## TASK
Nothing outside the stretch is wanted. Repeat exactly the lines of the listing below from the one that contains "using assms(5,6) by auto" through the one that contains "(\<forall>i<m. c !", both ends included.

+++

lemma init_state_eq_mult:
  assumes x: "x \<in> cube n" and y: "y \<in> cube n" and c: "c \<in> cube m"
    and "2 * n \<le> m" and "{0..<n} \<subseteq> A" and "A \<inter> {n..<2*n} = {}"
  shows "init_state m x y c = of_bool (\<forall>i<m. i \<in> A \<longrightarrow> c ! i = (i < n \<and> x ! i))
      * of_bool (\<forall>i<m. i \<notin> A \<longrightarrow> c ! i = (n \<le> i \<and> i < 2 * n \<and> y ! (i - n)))"
proof -
  let ?s = "x @ y @ replicate (m - length x - length y) False"
  have "?s ! i = (if i < n then x ! i else if i < 2 * n then y ! (i - n) else False)" if "i < m" for i
    using x y that by (auto simp: cube_def nth_append)
  also have "\<dots> i = (if i \<in> A then i < n \<and> x ! i else n \<le> i \<and> i < 2 * n \<and> y ! (i - n))" for i
    using assms(5,6) by auto
  finally have s: "?s ! i = (if i \<in> A then i < n \<and> x ! i else n \<le> i \<and> i < 2 * n \<and> y ! (i - n))"
    if "i < m" for i
    using that by blast
  have "c = ?s \<longleftrightarrow> (\<forall>i<m. c ! i = ?s ! i)"
    using x y c assms(4) by (auto simp: cube_def list_eq_iff_nth_eq)
  also have "\<dots> \<longleftrightarrow> (\<forall>i<m. i \<in> A \<longrightarrow> c ! i = (i < n \<and> x ! i)) \<and>
      (\<forall>i<m. i \<notin> A \<longrightarrow> c ! i = (n \<le> i \<and> i < 2 * n \<and> y ! (i - n)))"
    using s by auto
  finally show ?thesis
    by (simp add: init_state_def)
qed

+++

## ANSWER SECTION
    using assms(5,6) by auto
  finally have s: "?s ! i = (if i \<in> A then i < n \<and> x ! i else n \<le> i \<and> i < 2 * n \<and> y ! (i - n))"
    if "i < m" for i
    using that by blast
  have "c = ?s \<longleftrightarrow> (\<forall>i<m. c ! i = ?s ! i)"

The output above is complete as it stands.